PgmNr D189: A Drosophila Model of Essential Tremor.

Authors:
Lorraine N. Clark 1,2 ; Ronald Arias 2 ; Philip Smith 3 ; Krasimira Tsaneva-Atanasova 4 ; James Hodge 3 ; Brian McCabe 5 ; Elan Louis 6

Institutes
1) Taub Institute for Research on Alzheimer's Disease and the Aging Brain, Columbia University, New York, NY, USA; 2) Department of Pathology and Cell Biology, Columbia University, New York, NY, USA; 3) School of Physiology, Pharmacology and Neuroscience, University of Bristol, Bristol, UK; 4) Department of Mathematics, University of Exeter, Exeter, UK; 5) Brain Mind Institute, École Polytechnique Fédérale de Lausanne, Lausanne, Switzerland; 6) Departments of Neurology and Chronic Disease Epidemiology, Yale School of Medicine and Yale School of Public Health, Yale University, New Haven, CT, USA.

Keyword: neural disorder
Abstract:

Objective: To generate and characterize a Drosophila Model of KCNS2 associated Essential Tremor (ET).

Background: ET is one of the most common neurological diseases, with an estimated 7 million affected individuals in the US. The most characteristic clinical feature of ET is a kinetic tremor in the hands or arms.

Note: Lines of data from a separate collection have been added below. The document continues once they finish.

(* (a) Let $V\subset\mathbb R^m$ be a closed convex body centrally symmetric with respect to the origin, with width $w(V)$. For every $x\in\mathbb R^m\setminus V$ and every $P\in\mathcal P_{n,m}$, $$|P(x)|\le T_n\big(2|x|/w(V)\big)\|P\|_{C(V)}.$$ (b) For every $\lambda>0$, $k\in\mathbb Z^m_+$, $x\in\mathbb R^m$ with $|x_j|>\lambda$ for all $j=1,\dots,m$, and every $P\in\mathcal Q_{n,m}$, $$|D^kP(x)|\le\lambda^{-\langle k\rangle}\Big|\prod_{j=1}^mT_n^{(k_j)}(x_j/\lambda)\Big|\,\|P\|_{C(Q^m_\lambda)}.$$
   Context: $|x|$ is the Euclidean norm. The width $w(V)$ is the minimum distance between two parallel supporting hyperplanes of $V$. $\mathcal P_{n,m}$ is the set of polynomials $\sum_{\langle k\rangle\le n}c_kx^k$ in $m$ variables with complex coefficients of total degree at most $n$; $\mathcal Q_{n,m}$ is the set of polynomials $\sum_{k\in\mathbb Z^m_+,\max_jk_j\le n}c_kx^k$ with complex coefficients of degree at most $n$ in each variable. For $k\in\mathbb Z^m_+$: $\langle k\rangle=\sum k_j$, $x^k=\prod x_j^{k_j}$, $D^k=\prod\partial^{k_j}/\partial x_j^{k_j}$. $Q^m_\lambda=\{x:\max_j|x_j|\le\lambda\}$. $T_n(u)=\frac12((u+\sqrt{u^2-1})^n+(u-\sqrt{u^2-1})^n)$ is the Chebyshev polynomial; $\|P\|_{C(S)}=\max_S|P|$. *)

theory Defs
  imports "HOL-Analysis.Analysis"
begin

text \<open>Chebyshev polynomial T_n(u) = ((u + sqrt(u^2-1))^n + (u - sqrt(u^2-1))^n)/2,
  evaluated with the complex square root so that the formula is valid for all real u.\<close>
definition cheb :: "nat \<Rightarrow> real \<Rightarrow> real" where
  "cheb n u = Re (((complex_of_real u + csqrt (complex_of_real (u^2 - 1))) ^ n
                 + (complex_of_real u - csqrt (complex_of_real (u^2 - 1))) ^ n) / 2)"

definition Pdeg :: "nat \<Rightarrow> ('m::finite \<Rightarrow> nat) set" where
  "Pdeg n = {a. (\<Sum>j\<in>UNIV. a j) \<le> n}"

definition Qdeg :: "nat \<Rightarrow> ('m::finite \<Rightarrow> nat) set" where
  "Qdeg n = {a. \<forall>j. a j \<le> n}"

definition mpoly_eval :: "('m::finite \<Rightarrow> nat) set \<Rightarrow> (('m \<Rightarrow> nat) \<Rightarrow> complex) \<Rightarrow> real^'m \<Rightarrow> complex" where
  "mpoly_eval S c x = (\<Sum>a\<in>S. c a * (\<Prod>j\<in>UNIV. complex_of_real ((x$j) ^ a j)))"

text \<open>D^k applied to the polynomial sum over a in S of c_a x^a, evaluated at x:
  D^k x^a = prod_j a_j(a_j-1)...(a_j-k_j+1) x_j^(a_j-k_j)  (zero if some k_j > a_j).\<close>
definition mpoly_deriv :: "('m::finite \<Rightarrow> nat) set \<Rightarrow> (('m \<Rightarrow> nat) \<Rightarrow> complex) \<Rightarrow> ('m \<Rightarrow> nat) \<Rightarrow> real^'m \<Rightarrow> complex" where
  "mpoly_deriv S c k x = (\<Sum>a\<in>S. c a * (\<Prod>j\<in>UNIV.
       of_nat (fact (k j) * (a j choose k j)) * complex_of_real ((x$j) ^ (a j - k j))))"

definition width :: "'a::euclidean_space set \<Rightarrow> real" where
  "width V = Inf {(SUP y\<in>V. u \<bullet> y) - (INF y\<in>V. u \<bullet> y) | u. norm u = 1}"

definition cube :: "real \<Rightarrow> (real^'m) set" where
  "cube lam = {y. \<forall>j. \<bar>y$j\<bar> \<le> lam}"

end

As the disease progresses, tremor becomes more severe and more anatomically widespread (e.g., head, trunk). Recently, we identified a mutation (p.Asp379Glu) located in the pore domain of a potassium channel alpha subunit, KCNS2, in an early onset family with autosomal dominant ET. KCNS2 is highly and selectively expressed in the brain and modulates the activity of the KV2.1 (Shab) and KV2.2 (Shab related) channels.

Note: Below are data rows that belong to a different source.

(* Let $\mathcal X,\mathcal C,d$ be as in the context, $\epsilon\in[0,1]$, $N\ge1$, and let $\mathcal B$ be any set of $M$ vectors $b\in\{-1,1\}^d$ satisfying $\sum_{y\in C}b_{(y,C)}=0$ for all $C\in\mathcal C$ and $\sum_{C\in\mathcal C,\,C\ni x}b_{(x,C)}=0$ for all $x\in\mathcal X$. Let $\mathbb P_0=p_0^N$ and $\mathbb P_1=\frac1M\sum_{b\in\mathcal B}q_{b,\epsilon}^N$. Then $$\chi^2(\mathbb P_1,\mathbb P_0)+1\le\frac1{M^2}\sum_{b,b'\in\mathcal B}\exp\Big(\frac{N\epsilon^2}{d}b^Tb'\Big).$$
   Context: $\mathcal X$ is a finite set of $n$ items, $\mathcal C$ a collection of distinct subsets of $\mathcal X$ of size at least 2, $d=\sum_{C\in\mathcal C}|C|$, and vectors/distributions in dimension $d$ are indexed by pairs $(x,C)$ with $x\in C\in\mathcal C$. $p_0$ is the uniform distribution on these $d$ pairs, and for $b$ as in the claim $q_{b,\epsilon}((x,C))=\frac1d+\frac{\epsilon b_{(x,C)}}d$. For a distribution $\mu$, $\mu^N$ is the law of $N$ i.i.d. samples. For distributions $P,Q$ on a finite set, $\chi^2(P,Q)=\mathbb E_Q[(dP/dQ)^2]-1$. *)

theory Defs
  imports "HOL-Analysis.Analysis"
begin

definition pairs :: "'a set set \<Rightarrow> ('a \<times> 'a set) set" where
  "pairs CC = {(x, C). C \<in> CC \<and> x \<in> C}"

definition p0 :: "'a set set \<Rightarrow> ('a \<times> 'a set) \<Rightarrow> real" where
  "p0 CC p = (if p \<in> pairs CC then 1 / real (card (pairs CC)) else 0)"

definition qdist :: "'a set set \<Rightarrow> (('a \<times> 'a set) \<Rightarrow> real) \<Rightarrow> real \<Rightarrow> ('a \<times> 'a set) \<Rightarrow> real" where
  "qdist CC b \<epsilon> p = (if p \<in> pairs CC
      then 1 / real (card (pairs CC)) + \<epsilon> * b p / real (card (pairs CC)) else 0)"

definition samples :: "'s set \<Rightarrow> nat \<Rightarrow> (nat \<Rightarrow> 's) set" where
  "samples S N = PiE {..<N} (\<lambda>_. S)"

definition prodlaw :: "('s \<Rightarrow> real) \<Rightarrow> nat \<Rightarrow> (nat \<Rightarrow> 's) \<Rightarrow> real" where
  "prodlaw \<mu> N s = (\<Prod>i<N. \<mu> (s i))"

definition chi2 :: "'s set \<Rightarrow> ('s \<Rightarrow> real) \<Rightarrow> ('s \<Rightarrow> real) \<Rightarrow> real" where
  "chi2 S P Q = (\<Sum>s\<in>S. Q s * (P s / Q s)^2) - 1"

end

theory Submission
  imports Defs
begin

text \<open>The reference law is a product, so the second moment of the likelihood ratio of the
mixture splits into pairwise terms, each factorising over the \<open>N\<close> samples:
\<open>\<chi>\<^sup>2 + 1 = M\<^sup>-\<^sup>2 \<Sum>\<^sub>b\<^sub>,\<^sub>b\<^sub>' (\<Sum>\<^sub>p q\<^sub>b p * q\<^sub>b\<^sub>' p / p\<^sub>0 p)\<^sup>N\<close>.
Since every \<open>b\<close> sums to zero, the one-sample factor is \<open>1 + \<epsilon>\<^sup>2 b\<^sup>Tb' / d\<close>, nonnegative
because \<open>|b\<^sup>Tb'| \<le> d\<close>, and \<open>(1 + x)\<^sup>N \<le> exp (N x)\<close> concludes.\<close>

lemma sum_prodlaw_samples:
  assumes "finite S"
  shows "(\<Sum>s\<in>samples S N. prodlaw f N s) = (\<Sum>x\<in>S. f x) ^ N"
proof -
  have "(\<Prod>i\<in>{..<N}. \<Sum>x\<in>S. f x) = (\<Sum>s\<in>PiE {..<N} (\<lambda>_. S). \<Prod>i\<in>{..<N}. f (s i))"
    using assms by (intro prod_sum_PiE) auto
  then show ?thesis
    by (simp add: samples_def prodlaw_def)
qed

lemma prodlaw_mult_divide:
  fixes \<mu> \<mu>' \<nu> :: "'s \<Rightarrow> real"
  shows "prodlaw \<mu> N s * prodlaw \<mu>' N s / prodlaw \<nu> N s = prodlaw (\<lambda>x. \<mu> x * \<mu>' x / \<nu> x) N s"
  by (simp add: prodlaw_def prod_dividef prod.distrib)

lemma chi2_mixture_prodlaw:
  fixes \<mu> :: "'b \<Rightarrow> 's \<Rightarrow> real"
  assumes "finite S"
  shows "chi2 (samples S N) (\<lambda>s. c * (\<Sum>b\<in>B. prodlaw (\<mu> b) N s)) (prodlaw \<nu> N) + 1
         = c^2 * (\<Sum>b\<in>B. \<Sum>b'\<in>B. (\<Sum>x\<in>S. \<mu> b x * \<mu> b' x / \<nu> x) ^ N)"
proof -
  \<comment> \<open>No positivity of \<open>\<nu>\<close> is needed: since \<open>x / 0 = 0\<close>, both sides vanish where \<open>Q = 0\<close>.\<close>
  have pointwise: "Q * (c * P / Q)^2 = c^2 * (\<Sum>b\<in>B. \<Sum>b'\<in>B. F b * F b' / Q)"
    if "P = (\<Sum>b\<in>B. F b)" for P Q :: real and F :: "'b \<Rightarrow> real"
  proof -
    have "Q * (c * P / Q)^2 = c^2 * (P * P / Q)"
      by (cases "Q = 0") (simp_all add: power2_eq_square field_simps)
    then show ?thesis
      by (simp add: that sum_product sum_divide_distrib)
  qed
  have "chi2 (samples S N) (\<lambda>s. c * (\<Sum>b\<in>B. prodlaw (\<mu> b) N s)) (prodlaw \<nu> N) + 1
      = (\<Sum>s\<in>samples S N. c^2 * (\<Sum>b\<in>B. \<Sum>b'\<in>B.
                                prodlaw (\<lambda>x. \<mu> b x * \<mu> b' x / \<nu> x) N s))"
    by (simp add: chi2_def pointwise prodlaw_mult_divide)
  also have "\<dots> = c^2 * (\<Sum>b\<in>B. \<Sum>b'\<in>B. \<Sum>s\<in>samples S N.
                                prodlaw (\<lambda>x. \<mu> b x * \<mu> b' x / \<nu> x) N s)"
    by (simp add: sum_distrib_left sum.swap[of _ "samples S N"])
  finally show ?thesis
    by (simp add: sum_prodlaw_samples[OF assms])
qed

lemma one_plus_power_le_exp:
  fixes x :: real
  assumes "0 \<le> 1 + x"
  shows "(1 + x) ^ n \<le> exp (real n * x)"
proof -
  have "(1 + x) ^ n \<le> exp x ^ n"
    using assms by (intro power_mono) (auto simp: exp_ge_add_one_self)
  then show ?thesis
    by (simp add: exp_of_nat_mult)
qed

lemma finite_pairs:
  assumes "finite X" "\<And>C. C \<in> CC \<Longrightarrow> C \<subseteq> X"
  shows "finite (pairs CC)"
proof -
  have "pairs CC \<subseteq> X \<times> Pow X"
    using assms(2) by (auto simp: pairs_def)
  then show ?thesis
    using assms(1) finite_subset by blast
qed

lemma sum_pairs:
  fixes f :: "'a \<times> 'a set \<Rightarrow> real"
  assumes "finite X" "\<And>C. C \<in> CC \<Longrightarrow> C \<subseteq> X"
  shows "(\<Sum>p\<in>pairs CC. f p) = (\<Sum>C\<in>CC. \<Sum>y\<in>C. f (y, C))"
proof -
  have "finite CC"
    using assms by (meson Pow_iff finite_Pow_iff finite_subset subsetI)
  moreover have "\<And>C. C \<in> CC \<Longrightarrow> finite C"
    using assms finite_subset by blast
  moreover have "pairs CC = (\<lambda>(C, x). (x, C)) ` (SIGMA C:CC. C)"
    by (auto simp: pairs_def image_iff)
  moreover have "inj_on (\<lambda>(C, x). (x, C)) (SIGMA C:CC. C)"
    by (auto simp: inj_on_def)
  ultimately show ?thesis
    by (simp only: sum.reindex comp_def) (simp add: sum.Sigma split_beta)
qed

lemma sum_qdist_qdist_div_p0:
  assumes "finite (pairs CC)" "pairs CC \<noteq> {}"
    and "(\<Sum>p\<in>pairs CC. b p) = 0" "(\<Sum>p\<in>pairs CC. b' p) = 0"
  shows "(\<Sum>p\<in>pairs CC. qdist CC b \<epsilon> p * qdist CC b' \<epsilon> p / p0 CC p)
         = 1 + \<epsilon>^2 / real (card (pairs CC)) * (\<Sum>p\<in>pairs CC. b p * b' p)"
proof -
  define d where "d = real (card (pairs CC))"
  have "d > 0"
    using assms(1,2) by (simp add: d_def card_gt_0_iff)
  have "(\<Sum>p\<in>pairs CC. qdist CC b \<epsilon> p * qdist CC b' \<epsilon> p / p0 CC p)
      = (\<Sum>p\<in>pairs CC. (1 + \<epsilon> * b p + \<epsilon> * b' p + \<epsilon>^2 * (b p * b' p)) / d)"
    using \<open>d > 0\<close>
    by (intro sum.cong) (auto simp: qdist_def p0_def d_def field_simps power2_eq_square)
  also have "\<dots> = (d + \<epsilon> * (\<Sum>p\<in>pairs CC. b p) + \<epsilon> * (\<Sum>p\<in>pairs CC. b' p)
                   + \<epsilon>^2 * (\<Sum>p\<in>pairs CC. b p * b' p)) / d"
    by (simp add: sum_divide_distrib[symmetric] sum.distrib sum_distrib_left d_def)
  also have "\<dots> = 1 + \<epsilon>^2 / d * (\<Sum>p\<in>pairs CC. b p * b' p)"
    using assms(3,4) \<open>d > 0\<close> by (simp add: field_simps)
  finally show ?thesis
    by (simp add: d_def)
qed

lemma sum_sign_product_ge:
  assumes "b \<in> S \<rightarrow> {-1, 1}" "b' \<in> S \<rightarrow> {-1, 1}"
  shows "- real (card S) \<le> (\<Sum>p\<in>S. b p * b' p :: real)"
proof -
  have "(\<Sum>p\<in>S. - 1) \<le> (\<Sum>p\<in>S. b p * b' p :: real)"
  proof (intro sum_mono)
    fix p
    assume "p \<in> S"
    then have "b p \<in> {-1, 1}" "b' p \<in> {-1, 1}"
      using assms by auto
    then show "- 1 \<le> b p * b' p"
      by auto
  qed
  then show ?thesis
    by simp
qed

lemma sum_qdist_qdist_div_p0_power_le_exp:
  assumes "finite (pairs CC)" "0 \<le> \<epsilon>" "\<epsilon> \<le> 1" "N \<ge> 1"
    and "b \<in> pairs CC \<rightarrow> {-1, 1}" "b' \<in> pairs CC \<rightarrow> {-1, 1}"
    and "(\<Sum>p\<in>pairs CC. b p) = 0" "(\<Sum>p\<in>pairs CC. b' p) = 0"
  shows "(\<Sum>p\<in>pairs CC. qdist CC b \<epsilon> p * qdist CC b' \<epsilon> p / p0 CC p) ^ N
         \<le> exp (real N * \<epsilon>^2 / real (card (pairs CC)) * (\<Sum>p\<in>pairs CC. b p * b' p))"
proof (cases "pairs CC = {}")
  case True
  then show ?thesis
    using \<open>N \<ge> 1\<close> by (simp add: power_0_left)
next
  case False
  define d where "d = real (card (pairs CC))"
  define x where "x = \<epsilon>^2 / d * (\<Sum>p\<in>pairs CC. b p * b' p)"
  have "d > 0"
    using assms(1) False by (simp add: d_def card_gt_0_iff)
  have "\<epsilon>^2 / d * (- d) \<le> x"
    unfolding x_def using sum_sign_product_ge[OF assms(5,6)] \<open>d > 0\<close>
    by (intro mult_left_mono) (auto simp: d_def)
  moreover have "\<epsilon>^2 \<le> 1"
    using assms(2,3) by (simp add: power_le_one)
  ultimately have "0 \<le> 1 + x"
    using \<open>d > 0\<close> by simp
  then have "(1 + x) ^ N \<le> exp (real N * x)"
    by (rule one_plus_power_le_exp)
  then show ?thesis
    using sum_qdist_qdist_div_p0[OF assms(1) False assms(7,8)]
    by (simp add: x_def d_def mult.assoc)
qed

theorem lemma5p1:
  fixes X :: "'a set" and CC :: "'a set set" and \<epsilon> :: real and N :: nat
    and B :: "(('a \<times> 'a set) \<Rightarrow> real) set"
  assumes "finite X"
    and "\<And>C. C \<in> CC \<Longrightarrow> C \<subseteq> X \<and> card C \<ge> 2"
    and "0 \<le> \<epsilon>" and "\<epsilon> \<le> 1" and "N \<ge> 1"
    and "finite B" and "B \<noteq> {}"
    and "B \<subseteq> pairs CC \<rightarrow>\<^sub>E {-1, 1}"
    and "\<And>b C. b \<in> B \<Longrightarrow> C \<in> CC \<Longrightarrow> (\<Sum>y\<in>C. b (y, C)) = 0"
    and "\<And>b x. b \<in> B \<Longrightarrow> x \<in> X \<Longrightarrow> (\<Sum>C\<in>{C\<in>CC. x \<in> C}. b (x, C)) = 0"
  shows "chi2 (samples (pairs CC) N)
            (\<lambda>s. (1 / real (card B)) * (\<Sum>b\<in>B. prodlaw (qdist CC b \<epsilon>) N s))
            (prodlaw (p0 CC) N) + 1
         \<le> (1 / real (card B)^2) *
            (\<Sum>b\<in>B. \<Sum>b'\<in>B. exp (real N * \<epsilon>^2 / real (card (pairs CC))
                                    * (\<Sum>p\<in>pairs CC. b p * b' p)))"
proof -
  have CX: "\<And>C. C \<in> CC \<Longrightarrow> C \<subseteq> X"
    using assms(2) by blast
  have fin: "finite (pairs CC)"
    using finite_pairs[OF assms(1) CX] .
  have signs: "b \<in> pairs CC \<rightarrow> {-1, 1}" if "b \<in> B" for b
    using assms(8) that by (auto simp: PiE_def)
  have balanced: "(\<Sum>p\<in>pairs CC. b p) = 0" if "b \<in> B" for b
    using that assms(9) by (simp add: sum_pairs[OF assms(1) CX])
  have "chi2 (samples (pairs CC) N)
            (\<lambda>s. (1 / real (card B)) * (\<Sum>b\<in>B. prodlaw (qdist CC b \<epsilon>) N s))
            (prodlaw (p0 CC) N) + 1
      = (1 / real (card B))^2 * (\<Sum>b\<in>B. \<Sum>b'\<in>B.
            (\<Sum>p\<in>pairs CC. qdist CC b \<epsilon> p * qdist CC b' \<epsilon> p / p0 CC p) ^ N)"
    by (rule chi2_mixture_prodlaw[OF fin])
  also have "\<dots> \<le> (1 / real (card B))^2 * (\<Sum>b\<in>B. \<Sum>b'\<in>B.
            exp (real N * \<epsilon>^2 / real (card (pairs CC)) * (\<Sum>p\<in>pairs CC. b p * b' p)))"
    using assms(3-5)
    by (intro mult_left_mono sum_mono sum_qdist_qdist_div_p0_power_le_exp fin signs balanced) auto
  finally show ?thesis
    by (simp add: power_divide)
qed

end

Methods: The pBID-UAS Drosophila vector (McCabe lab) was used to express human normal KCNS2 and mutant KCNS2 in Drosophila.  Transgenic flies were crossed to a number of well-characterized lines that express and drive expression in tissue- and cell-type-specific patterns (e.g. panneuronally or motor neurons). To determine the effects of human wildtype and mutant KCNS2 on adult clock neuron activity, electrophysiology recordings were performed by using whole cell voltage-clamp. Using a Shab specific toxin we were able to isolate the Shab current which is a voltage-senstive non-inactivating potassium current. Expression of human wildtype KCNS2 caused the Shab current to become an inactivating current activating at more hyperpolarised currents. Expression of human mutant KCNS2 caused both phenotypes but to a greater extent. In addition to neuronal degeneration we also investigated the behavioral manifestations of nervous system dysfunction in the transgenic flies.

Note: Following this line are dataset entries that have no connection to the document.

lemma tendsto_galilean:
  assumes w: "isCont w z" and \<theta>: "(\<theta> \<longlongrightarrow> 0) F" and v: "(v \<longlongrightarrow> 0) F"
  shows "((\<lambda>n. galilean (\<theta> n) (v n) w z) \<longlongrightarrow> w z) F"
proof -
  have "((\<lambda>n. (fst z, snd z - fst z *\<^sub>R v n)) \<longlongrightarrow> (fst z, snd z - fst z *\<^sub>R 0)) F"
    using v by (intro tendsto_intros)
  then have "((\<lambda>n. w (fst z, snd z - fst z *\<^sub>R v n)) \<longlongrightarrow> w z) F"
    using isCont_tendsto_compose[of z w] w by simp
  moreover have "((\<lambda>n. exp (\<i> * complex_of_real (\<theta> n * fst z))) \<longlongrightarrow> exp (\<i> * complex_of_real (0 * fst z))) F"
    using \<theta> by (intro tendsto_intros)
  ultimately show ?thesis unfolding galilean_def using tendsto_mult by fastforce
qed

lemma ext_op_pair_dilation:
  fixes h :: "'a::euclidean_space \<Rightarrow> complex" and \<tau>0 :: real and \<xi>0 :: 'a
  assumes h: "h \<in> borel_measurable borel" and l: "0 < l"
  defines "\<theta> \<equiv> (norm \<xi>0)\<^sup>2 + \<tau>0"
  shows "ext_op (\<lambda>\<xi>. complex_of_real a * h (l *\<^sub>R \<xi>)) z
      + ext_op_shift \<tau>0 \<xi>0 (\<lambda>\<xi>. complex_of_real a * h (l *\<^sub>R \<xi>)) z
    = complex_of_real (a / l ^ DIM('a)) *
      (ext_op h (fst z / l\<^sup>2, (1 / l) *\<^sub>R snd z)
       + galilean (l\<^sup>2 * \<theta>) ((2 * l) *\<^sub>R \<xi>0) (ext_op h) (fst z / l\<^sup>2, (1 / l) *\<^sub>R snd z))"
proof -
  obtain t x where z: "z = (t, x)" by (cases z)
  have "(1 / l) *\<^sub>R (x - t *\<^sub>R (2 *\<^sub>R \<xi>0)) = (1 / l) *\<^sub>R x - (t / l\<^sup>2) *\<^sub>R ((2 * l) *\<^sub>R \<xi>0)"
    using l by (simp add: scaleR_diff_right power2_eq_square)
  moreover have "l\<^sup>2 * \<theta> * (t / l\<^sup>2) = \<theta> * t" using l by simp
  ultimately show ?thesis
    unfolding z fst_conv snd_conv ext_op_shift_eq ext_op_dilation[OF h l] galilean_def \<theta>_def[symmetric]
    by (simp add: distrib_left)
qed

Results: Here we express human normal and mutant (p.Asp379Glu) forms of KCNS2 in Drosophila (panneuronally and restricted to subsets of neurons) and produce adult onset leg shaking, abdomen pulsations and shuddering under ether anesthetization in addition to bilateral wing elevation indicative of loss of neurons during aging. Electrophysiological recordings show expression of human KCNS2 (particularly the mutant form) switched Shab into an inactivating current which would be expected to contribute to neuronal hyperexcitability.

Conclusion: Our Drosophila model recapitulates some of the features of ET, and can now be used to advance our understanding of disease pathogenesis and to identify pathways that can be targeted for pharmaco-therapeutics for ET.